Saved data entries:
★ ★ ★ ★ ★

theorem theorem4p1:
  fixes \<alpha> :: real and \<rho> :: "nat \<Rightarrow> nat \<Rightarrow> real"
    and M :: "nat \<Rightarrow> 'a measure" and X :: "nat \<Rightarrow> nat \<Rightarrow> 'a \<Rightarrow> real"
    and \<mu> :: "nat \<Rightarrow> nat \<Rightarrow> real" and p1 :: real
  defines "I1 \<equiv> (\<lambda>n. {i \<in> {1..n}. \<mu> n i > 0})"
  defines "n1 \<equiv> (\<lambda>n. card (I1 n))"
  defines "mu_max \<equiv> (\<lambda>n. Max (\<mu> n ` I1 n))"
  assumes alpha: "0 < \<alpha>" "\<alpha> < 1"
    and rho_sym: "\<And>i j. \<rho> i j = \<rho> j i"
    and rho_diag: "\<And>i. \<rho> i i = 1"
    and rho_off: "\<And>i j. i \<noteq> j \<Longrightarrow> \<bar>\<rho> i j\<bar> < 1"
    and rho_psd: "\<And>n. psd_on n \<rho>"
    and weak_dep1: "(SUP m\<in>{1..}. rho_lag \<rho> m) < 1"
    and weak_dep2: "(\<lambda>m. rho_lag \<rho> m * ln (real m)) \<longlonglongrightarrow> 0"
    and prob: "\<And>n. prob_space (M n)"
    and gauss: "\<And>n. jointly_gaussian (M n) {1..n} (X n) (\<mu> n) \<rho>"
    and mu_nonneg: "\<And>n i. i \<in> {1..n} \<Longrightarrow> \<mu> n i \<ge> 0"
    and n1_inf: "filterlim (\<lambda>n. real (n1 n)) at_top sequentially"
    and p1: "0 < p1" "p1 \<le> 1"
    and n1_ratio: "(\<lambda>n. real (n1 n) / real n) \<longlonglongrightarrow> p1"
    and signal: "\<exists>L < 1. (\<lambda>n. sqrt (2 * ln (real (n1 n))) / mu_max n) \<longlonglongrightarrow> L"
  shows "(\<lambda>n. AnyPwr (M n) (I1 n) (X n) (c_Bon n \<alpha>)) \<longlonglongrightarrow> 1 \<and>
         (\<lambda>n. AnyPwr (M n) (I1 n) (X n) (c_Sid n \<alpha>)) \<longlonglongrightarrow> 1"
proof -
  obtain L where L: "L < 1" "(\<lambda>n. sqrt (2 * ln (real (n1 n))) / mu_max n) \<longlonglongrightarrow> L"
    using signal by blast
  have I1_sub: "I1 n \<subseteq> {1..n}" for n
    by (auto simp: I1_def)
  have I1_ne: "\<forall>\<^sub>F n in sequentially. I1 n \<noteq> {}"
    using filterlim_at_top[THEN iffD1, OF n1_inf, rule_format, of 1] by eventually_elim (auto simp: n1_def)
  have mu_max_pos: "\<forall>\<^sub>F n in sequentially. 0 < mu_max n"
    using I1_ne
  proof eventually_elim
    case (elim n)
    then have "mu_max n \<in> \<mu> n ` I1 n"
      unfolding mu_max_def using finite_subset[OF I1_sub] by (intro Max_in) auto
    then show ?case
      by (auto simp: I1_def)
  qed
  have power_1: "(\<lambda>n. AnyPwr (M n) (I1 n) (X n) (c n)) \<longlonglongrightarrow> 1"
    if cutoff: "\<exists>K. \<forall>\<^sub>F n in sequentially. c n \<le> sqrt (2 * ln (real n)) + K" for c
  proof (rule AnyPwr_tendsto_1[OF prob gauss rho_diag I1_sub I1_ne])
    obtain K where "\<forall>\<^sub>F n in sequentially. c n \<le> sqrt (2 * ln (real n)) + K"
      using cutoff by blast
    then show "filterlim (\<lambda>n. Max (\<mu> n ` I1 n) - c n) at_top sequentially"
      using signal_minus_cutoff_at_top[OF n1_inf n1_ratio p1(1) mu_max_pos L(2,1)]
      by (simp add: mu_max_def)
  qed
  show ?thesis
    using alpha by (intro conjI power_1 c_Bon_le_sqrt_two_ln c_Sid_le_sqrt_two_ln)
qed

★ ★ ★ ★ ★

WHAT TO WORK ON = Output every record in full, exactly as it was given.

SOLUTION TO THIS EXERCISE =
theorem theorem4p1:
  fixes \<alpha> :: real and \<rho> :: "nat \<Rightarrow> nat \<Rightarrow> real"
    and M :: "nat \<Rightarrow> 'a measure" and X :: "nat \<Rightarrow> nat \<Rightarrow> 'a \<Rightarrow> real"
    and \<mu> :: "nat \<Rightarrow> nat \<Rightarrow> real" and p1 :: real
  defines "I1 \<equiv> (\<lambda>n. {i \<in> {1..n}. \<mu> n i > 0})"
  defines "n1 \<equiv> (\<lambda>n. card (I1 n))"
  defines "mu_max \<equiv> (\<lambda>n. Max (\<mu> n ` I1 n))"
  assumes alpha: "0 < \<alpha>" "\<alpha> < 1"
    and rho_sym: "\<And>i j. \<rho> i j = \<rho> j i"
    and rho_diag: "\<And>i. \<rho> i i = 1"
    and rho_off: "\<And>i j. i \<noteq> j \<Longrightarrow> \<bar>\<rho> i j\<bar> < 1"
    and rho_psd: "\<And>n. psd_on n \<rho>"
    and weak_dep1: "(SUP m\<in>{1..}. rho_lag \<rho> m) < 1"
    and weak_dep2: "(\<lambda>m. rho_lag \<rho> m * ln (real m)) \<longlonglongrightarrow> 0"
    and prob: "\<And>n. prob_space (M n)"
    and gauss: "\<And>n. jointly_gaussian (M n) {1..n} (X n) (\<mu> n) \<rho>"
    and mu_nonneg: "\<And>n i. i \<in> {1..n} \<Longrightarrow> \<mu> n i \<ge> 0"
    and n1_inf: "filterlim (\<lambda>n. real (n1 n)) at_top sequentially"
    and p1: "0 < p1" "p1 \<le> 1"
    and n1_ratio: "(\<lambda>n. real (n1 n) / real n) \<longlonglongrightarrow> p1"
    and signal: "\<exists>L < 1. (\<lambda>n. sqrt (2 * ln (real (n1 n))) / mu_max n) \<longlonglongrightarrow> L"
  shows "(\<lambda>n. AnyPwr (M n) (I1 n) (X n) (c_Bon n \<alpha>)) \<longlonglongrightarrow> 1 \<and>
         (\<lambda>n. AnyPwr (M n) (I1 n) (X n) (c_Sid n \<alpha>)) \<longlonglongrightarrow> 1"
proof -
  obtain L where L: "L < 1" "(\<lambda>n. sqrt (2 * ln (real (n1 n))) / mu_max n) \<longlonglongrightarrow> L"
    using signal by blast
  have I1_sub: "I1 n \<subseteq> {1..n}" for n
    by (auto simp: I1_def)
  have I1_ne: "\<forall>\<^sub>F n in sequentially. I1 n \<noteq> {}"
    using filterlim_at_top[THEN iffD1, OF n1_inf, rule_format, of 1] by eventually_elim (auto simp: n1_def)
  have mu_max_pos: "\<forall>\<^sub>F n in sequentially. 0 < mu_max n"
    using I1_ne
  proof eventually_elim
    case (elim n)
    then have "mu_max n \<in> \<mu> n ` I1 n"
      unfolding mu_max_def using finite_subset[OF I1_sub] by (intro Max_in) auto
    then show ?case
      by (auto simp: I1_def)
  qed
  have power_1: "(\<lambda>n. AnyPwr (M n) (I1 n) (X n) (c n)) \<longlonglongrightarrow> 1"
    if cutoff: "\<exists>K. \<forall>\<^sub>F n in sequentially. c n \<le> sqrt (2 * ln (real n)) + K" for c
  proof (rule AnyPwr_tendsto_1[OF prob gauss rho_diag I1_sub I1_ne])
    obtain K where "\<forall>\<^sub>F n in sequentially. c n \<le> sqrt (2 * ln (real n)) + K"
      using cutoff by blast
    then show "filterlim (\<lambda>n. Max (\<mu> n ` I1 n) - c n) at_top sequentially"
      using signal_minus_cutoff_at_top[OF n1_inf n1_ratio p1(1) mu_max_pos L(2,1)]
      by (simp add: mu_max_def)
  qed
  show ?thesis
    using alpha by (intro conjI power_1 c_Bon_le_sqrt_two_ln c_Sid_le_sqrt_two_ln)
qed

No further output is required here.